DESCRIPTION (provided by applicant): Rheumatoid arthritis (RA)-associated cytokine networks, cellular receptors, and signal transduction pathways have been fairly well characterized. However, gene regulatory networks that may drive and amplify inflammatory processes in RA have not been explored. Using mice with cartilage proteoglycan (PG)-induced arthritis (an autoimmune animal model of RA), we detected arthritis-specific epigenetic changes in B lymphocytes, which caused markedly upregulated expression of the gene encoding the "zinc finger and BTB domain containing 38" (ZBTB38) transcription factor. The ZBTB38 gene was similarly upregulated in lymphocytes of the majority of tested RA patients as compared to healthy individuals. We also found that ZBTB38 could facilitate its own transcription, and stimulate the expression of a number of other genes including those coding for transcription factors, pro-inflammatory cytokines, as well as chemokine and Toll-like receptors. Intriguingly, many of the gene products affected by ZBTB38's transcription factor activity have been implicated in RA pathogenesis. Our preliminary data argue for the involvement of ZBTB38 in an intricate gene regulatory network that controls inflammatory/autoimmune processes in RA. We will identify the members of this network and delineate their interactions in lymphocytes from arthritic mice and from patients with RA. In addition, we will further investigate arthritis-relate epigenetic events in selected RA patients. The proposed project should help in exploring genetic/epigenetic mechanisms involved in the regulation of a major RA- associated inflammatory pathway, and may also identify genes as novel biomarkers and drug targets for RA.

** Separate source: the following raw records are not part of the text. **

lemma ppow_half_square:
  assumes "Re r > 0"
  shows "ppow (r ^ 2) (1/2) = r"
proof -
  define R where "R = ppow (r ^ 2) (1/2)"
  have "r \<noteq> 0" using assms by auto
  then have "R ^ 2 = r ^ 2" "Re R \<ge> 0" using ppow_half[of "r ^ 2"] by (simp_all add: R_def)
  then have "(R - r) * (R + r) = 0" "Re (R + r) > 0"
    using assms by (simp_all add: algebra_simps power2_eq_square)
  then have "R - r = 0" by (metis mult_eq_0_iff zero_complex.sel(1) less_irrefl)
  then show ?thesis by (simp add: R_def)
qed

lemma Im_Ln_quarter_cone:
  assumes "Im w > \<bar>Re w\<bar>"
  shows "pi / 4 < Im (Ln w)" "Im (Ln w) < 3 * pi / 4"
proof -
  define t where "t = Im (Ln w)"
  have w0: "w \<noteq> 0" using assms by auto
  have t: "0 < t" "t < pi" using Im_Ln_pos_lt_imp[of w] assms by (auto simp: t_def)
  have "exp (Re (Ln w)) = norm w" using w0 by simp
  then have "Re w = norm w * cos t" "Im w = norm w * sin t"
    using arg_cong[OF exp_Ln[OF w0], of Re] arg_cong[OF exp_Ln[OF w0], of Im]
    by (simp_all add: Re_exp Im_exp t_def)
  then have sc: "\<bar>cos t\<bar> < sin t"
    using assms w0 by (simp add: abs_mult)
  show "pi / 4 < t"
  proof (rule ccontr)
    assume "\<not> pi / 4 < t"
    then have "sin t \<le> sin (pi / 4)" "cos (pi / 4) \<le> cos t"
      using t by (auto intro!: sin_monotone_2pi_le cos_monotone_0_pi_le)
    then show False using sc unfolding sin_45 cos_45 by linarith
  qed
  show "t < 3 * pi / 4"
  proof (rule ccontr)
    assume "\<not> t < 3 * pi / 4"
    then have "sin (pi - t) \<le> sin (pi / 4)"
      by (intro sin_monotone_2pi_le; use t in linarith)
    moreover have "cos t \<le> cos (pi - pi / 4)"
      using \<open>\<not> t < 3 * pi / 4\<close> by (intro cos_monotone_0_pi_le; use t in linarith)
    ultimately show False using sc unfolding sin_45 cos_pi_minus cos_45 sin_pi_minus by linarith
  qed
qed

(* mpow alpha z = (-1/z)^alpha, written with the principal logarithm of z; it is the
   variable in which both G^alpha_{s,2} and F_{a^alpha_s} become algebraic. *)
definition mpow :: "real \<Rightarrow> complex \<Rightarrow> complex" where
  "mpow \<alpha> z = exp (of_real \<alpha> * (\<i> * of_real pi - Ln z))"

lemma minus_inverse_eq_exp:
  assumes "z \<noteq> 0"
  shows "- 1 / z = exp (\<i> * of_real pi - Ln z)"
  using assms by (simp add: exp_diff)

lemma pow1_minus_inverse:
  assumes "Im z > 0"
  shows "pow1 (- 1 / z) \<alpha> = mpow \<alpha> z"
proof -
  have "0 < Im (Ln z)" "Im (Ln z) < pi" using Im_Ln_pos_lt_imp[OF assms] by auto
  then have "0 \<le> Im (\<i> * of_real pi - Ln z)" "Im (\<i> * of_real pi - Ln z) < 2 * pi" by auto
  moreover have "- 1 / z = exp (\<i> * of_real pi - Ln z)"
    using assms by (intro minus_inverse_eq_exp) auto
  ultimately show ?thesis by (simp add: pow1_exp mpow_def)
qed

lemma norm_mpow:
  assumes "z \<noteq> 0"
  shows "norm (mpow \<alpha> z) = norm z powr (- \<alpha>)"
  using assms by (simp add: mpow_def powr_def)

lemma mpow_mult_exp:
  assumes "Ln (z * exp d) = Ln z + d"
  shows "mpow \<alpha> (z * exp d) = mpow \<alpha> z * exp (- of_real \<alpha> * d)"
  unfolding mpow_def assms exp_add[symmetric] by (simp add: algebra_simps)

(* Taking the power 1/alpha undoes mpow: (c (-1/z)^alpha)^(1/alpha) = c^(1/alpha) (-1/z)
   for c > 0, because alpha (pi - arg z) stays in (0, 2 pi) for alpha <= 2. *)
lemma pow1_scaled_mpow:
  assumes "0 < \<alpha>" "\<alpha> \<le> 2" "Im z > 0" "c > 0"
  shows "pow1 (of_real c * mpow \<alpha> z) (1 / \<alpha>) = of_real (c powr (1 / \<alpha>)) * (- 1 / z)"
proof -
  define L where "L = of_real (ln c) + of_real \<alpha> * (\<i> * of_real pi - Ln z)"
  have "of_real c = exp (of_real (ln c))" using assms(4) by (simp add: exp_of_real)
  then have L: "of_real c * mpow \<alpha> z = exp L" by (simp add: L_def mpow_def exp_add)
  have "0 < Im (Ln z)" "Im (Ln z) < pi" using Im_Ln_pos_lt_imp[OF assms(3)] by auto
  then have "0 < \<alpha> * (pi - Im (Ln z))" "\<alpha> * (pi - Im (Ln z)) \<le> 2 * (pi - Im (Ln z))"
    using assms by (simp, intro mult_right_mono, simp_all)
  then have "0 \<le> Im L" "Im L < 2 * pi"
    using \<open>0 < Im (Ln z)\<close> by (auto simp: L_def)
  then have "pow1 (of_real c * mpow \<alpha> z) (1 / \<alpha>) = exp (of_real (ln c / \<alpha>) + (\<i> * of_real pi - Ln z))"
    using assms(1) by (simp add: L pow1_exp L_def field_simps)
  also have "\<dots> = of_real (c powr (1 / \<alpha>)) * exp (\<i> * of_real pi - Ln z)"
    using assms(4) by (simp add: exp_add powr_def flip: exp_of_real of_real_divide)
  also have "\<dots> = of_real (c powr (1 / \<alpha>)) * (- 1 / z)"
    using assms(3) by (subst minus_inverse_eq_exp) auto
  finally show ?thesis .
qed

definition gasr_base :: "real \<Rightarrow> complex \<Rightarrow> complex \<Rightarrow> complex" where
  "gasr_base \<alpha> s w = (1 - ppow (1 - s * mpow \<alpha> w) (1 / 2)) / s"

lemma Gasr_two:
  assumes "Im w > 0"
  shows "Gasr \<alpha> s 2 w = - of_real (2 powr (1 / \<alpha>)) * pow1 (gasr_base \<alpha> s w) (1 / \<alpha>)"
  unfolding Gasr_def gasr_base_def pow1_minus_inverse[OF assms] by simp

(* The algebraic heart: if (-1/w)^alpha = q (1 - s q / 4) with q = (-1/z)^alpha, then
   1 - s (-1/w)^alpha = (1 - s q / 2)^2 and G^alpha_{s,2}(w) = 1/z. *)
lemma Gasr_two_at_inverse:
  assumes a: "0 < \<alpha>" "\<alpha> \<le> 2" and s: "s \<noteq> 0" and z: "Im z > 0" and w: "Im w > 0"
    and small: "norm (s * mpow \<alpha> z) < 2"
    and rel: "mpow \<alpha> w = mpow \<alpha> z * (1 - s * mpow \<alpha> z / 4)"
  shows "Gasr \<alpha> s 2 w = 1 / z"
proof -
  define q where "q = mpow \<alpha> z"
  have "1 - s * mpow \<alpha> w = (1 - s * q / 2) ^ 2"
    by (simp add: rel q_def power2_eq_square field_simps)
  moreover have "Re (1 - s * q / 2) > 0"
    using abs_Re_le_cmod[of "s * q"] small by (simp add: q_def)
  ultimately have base: "gasr_base \<alpha> s w = of_real (1 / 2) * mpow \<alpha> z"
    using s by (simp add: gasr_base_def ppow_half_square q_def)
  have "pow1 (gasr_base \<alpha> s w) (1 / \<alpha>) = of_real ((1 / 2) powr (1 / \<alpha>)) * (- 1 / z)"
    unfolding base by (rule pow1_scaled_mpow[OF a z]) simp
  then have "Gasr \<alpha> s 2 w = - of_real (2 powr (1 / \<alpha>)) * (of_real ((1 / 2) powr (1 / \<alpha>)) * (- 1 / z))"
    using w by (simp add: Gasr_two)
  also have "\<dots> = 1 / z"
    by (simp add: powr_divide flip: of_real_mult)
  finally show ?thesis .
qed

lemma Fstable_eq:
  assumes a: "0 < \<alpha>" "\<alpha> \<le> 2" and z: "Im z > \<bar>Re z\<bar>"
    and small: "norm (s * mpow \<alpha> z) \<le> \<alpha> / 80"
  shows "Fstable \<alpha> (s / 4) z = z * exp (Ln (1 - s * mpow \<alpha> z / 4) / of_real \<alpha>)"
proof -
  define e where "e = - (s * mpow \<alpha> z / 4)"
  have z0: "z \<noteq> 0" and "Im z \<ge> 0" using z by auto
  have pz: "pow1 z \<alpha> = exp (of_real \<alpha> * Ln z)"
    using \<open>Im z \<ge> 0\<close> by (simp add: pow1_def log1_def)
  have "exp (of_real \<alpha> * Ln z) * mpow \<alpha> z = exp (\<i> * of_real (\<alpha> * pi))"
    unfolding mpow_def exp_add[symmetric] by (simp add: algebra_simps)
  moreover have "exp (\<i> * of_real ((\<alpha> - 1) * pi)) = - exp (\<i> * of_real (\<alpha> * pi))"
    by (simp add: algebra_simps exp_diff)
  ultimately have "pow1 z \<alpha> + exp (\<i> * of_real ((\<alpha> - 1) * pi)) * (s / 4)
                   = exp (of_real \<alpha> * Ln z) * (1 + e)"
    by (simp add: pz e_def algebra_simps)
  moreover have "norm e = norm (s * mpow \<alpha> z) / 4" by (simp add: e_def norm_divide)
  then have "norm e \<le> \<alpha> / 80" using small norm_ge_zero[of "s * mpow \<alpha> z"] by linarith
  then have "log1 (exp (of_real \<alpha> * Ln z) * (1 + e)) = of_real \<alpha> * Ln z + Ln (1 + e)"
    using Im_Ln_quarter_cone[OF z] a by (intro log1_exp_mult_sector) auto
  ultimately have "Fstable \<alpha> (s / 4) z = exp (of_real (1 / \<alpha>) * (of_real \<alpha> * Ln z + Ln (1 + e)))"
    by (simp add: Fstable_def pow1_def)
  also have "of_real (1 / \<alpha>) * (of_real \<alpha> * Ln z + Ln (1 + e)) = Ln z + Ln (1 + e) / of_real \<alpha>"
    using a by (simp add: field_simps)
  also have "exp (Ln z + Ln (1 + e) / of_real \<alpha>) = z * exp (Ln (1 + e) / of_real \<alpha>)"
    using z0 by (simp add: exp_add)
  finally show ?thesis by (simp add: e_def)
qed

lemma cone_perturb:
  assumes z: "Im z > 3 * \<bar>Re z\<bar>" and \<rho>: "norm \<rho> \<le> 3 / 320"
  shows "Im (z * (1 + \<rho>)) \<ge> 79 / 80 * Im z" "Im (z * (1 + \<rho>)) > \<bar>Re (z * (1 + \<rho>))\<bar>"
proof -
  have "norm z \<le> 4 / 3 * Im z" using cmod_le[of z] z by simp
  then have "norm (z * \<rho>) \<le> (4 / 3 * Im z) * (3 / 320)"
    unfolding norm_mult using \<rho> z by (intro mult_mono) auto
  then have "\<bar>Im (z * \<rho>)\<bar> \<le> Im z / 80" "\<bar>Re (z * \<rho>)\<bar> \<le> Im z / 80"
    using abs_Im_le_cmod[of "z * \<rho>"] abs_Re_le_cmod[of "z * \<rho>"] by linarith+
  then show "Im (z * (1 + \<rho>)) \<ge> 79 / 80 * Im z" "Im (z * (1 + \<rho>)) > \<bar>Re (z * (1 + \<rho>))\<bar>"
    using z by (simp_all add: distrib_left del: times_complex.sel)
qed

lemma forward_point:
  assumes a: "0 < \<alpha>" "\<alpha> \<le> 2" and s: "s \<noteq> 0" and z: "Im z > 3 * \<bar>Re z\<bar>"
    and small: "norm (s * mpow \<alpha> z) \<le> \<alpha> / 80"
  defines "w \<equiv> z ^ 2 / Fstable \<alpha> (s / 4) z"
  shows "Im w > \<bar>Re w\<bar>" "Im w \<ge> 79 / 80 * Im z" "Gasr \<alpha> s 2 w = 1 / z"
proof -
  define q where "q = mpow \<alpha> z"
  define \<delta> where "\<delta> = Ln (1 - s * q / 4) / of_real \<alpha>"
  have zq: "Im z > \<bar>Re z\<bar>" "z \<noteq> 0" using z by auto
  have "norm (- (s * q / 4)) < 1 / 2" using small a by (simp add: q_def)
  then have exp_D: "exp (of_real \<alpha> * \<delta>) = 1 - s * q / 4"
    and D: "norm (of_real \<alpha> * \<delta>) \<le> 2 * norm (s * q / 4)"
    using exp_Ln_one_plus[of "- (s * q / 4)"] norm_Ln_le[of "- (s * q / 4)"] a
    by (auto simp: \<delta>_def)
  have "norm (of_real \<alpha> * \<delta>) = \<alpha> * norm \<delta>" "norm (s * q / 4) = norm (s * q) / 4"
    using a by (simp_all add: norm_mult norm_divide)
  then have "\<alpha> * norm \<delta> \<le> \<alpha> * (1 / 160)"
    using D small unfolding q_def by linarith
  then have \<delta>: "norm \<delta> \<le> 1 / 160" using a by simp
  have "Fstable \<alpha> (s / 4) z = z * exp \<delta>"
    using Fstable_eq[OF a zq(1) small] by (simp add: \<delta>_def q_def)
  then have w: "w = z * exp (- \<delta>)"
    using zq by (simp add: w_def power2_eq_square exp_minus field_simps)
  have "norm (exp (- \<delta>) - 1) \<le> 3 / 2 * norm (- \<delta>)"
    using \<delta> by (intro norm_exp_bounds(2)) auto
  then have "norm (exp (- \<delta>) - 1) \<le> 3 / 320" using \<delta> by simp
  from cone_perturb[OF z this]
  show "Im w > \<bar>Re w\<bar>" "Im w \<ge> 79 / 80 * Im z" by (simp_all add: w)
  then have "Im w > 0" by linarith
  have "\<bar>Im \<delta>\<bar> \<le> 1 / 160" using abs_Im_le_cmod[of \<delta>] \<delta> by linarith
  then have "Ln w = Ln z + - \<delta>"
    unfolding w using Im_Ln_quarter_cone[OF zq(1)] zq pi_gt3 by (intro Ln_mult_exp) auto
  then have "mpow \<alpha> w = q * (1 - s * q / 4)"
    unfolding w using mpow_mult_exp by (simp add: q_def exp_D)
  moreover have "norm (s * q) < 2" using small a by (simp add: q_def)
  ultimately show "Gasr \<alpha> s 2 w = 1 / z"
    using Gasr_two_at_inverse[OF a s] zq \<open>Im w > 0\<close> z by (auto simp: q_def)
qed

描述（由申请人提供）：类风湿性关节炎（RA）相关的细胞因子网络、细胞受体和信号转导途径已经得到相当好的表征。然而，尚未探索可能驱动和放大 RA 炎症过程的基因调控网络。使用软骨蛋白多糖 (PG) 诱导的关节炎（RA 的自身免疫动物模型）小鼠，我们检测到 B 淋巴细胞中关节炎特异性表观遗传变化，这导致编码“锌指和包含 38 的 BTB 结构域”的基因表达显着上调(ZBTB38)转录因子。与健康个体相比，大多数测试的 RA 患者的淋巴细胞中 ZBTB38 基因同样上调。我们还发现 ZBTB38 可以促进其自身转录，并刺激许多其他基因的表达，包括编码转录因子、促炎细胞因子以及趋化因子和 Toll 样受体的基因。有趣的是，许多受 ZBTB38 转录因子活性影响的基因产物与 RA 发病机制有关。我们的初步数据表明 ZBTB38 参与了控制 RA 炎症/自身免疫过程的复杂基因调控网络。我们将鉴定该网络的成员，并描述它们在关节炎小鼠和类风湿性关节炎患者的淋巴细胞中的相互作用。此外，我们将进一步研究选定的 RA 患者中与关节炎相关的表观遗传事件。拟议的项目应有助于探索参与主要 RA 相关炎症途径调节的遗传/表观遗传机制，并且还可以将基因识别为 RA 的新型生物标志物和药物靶点。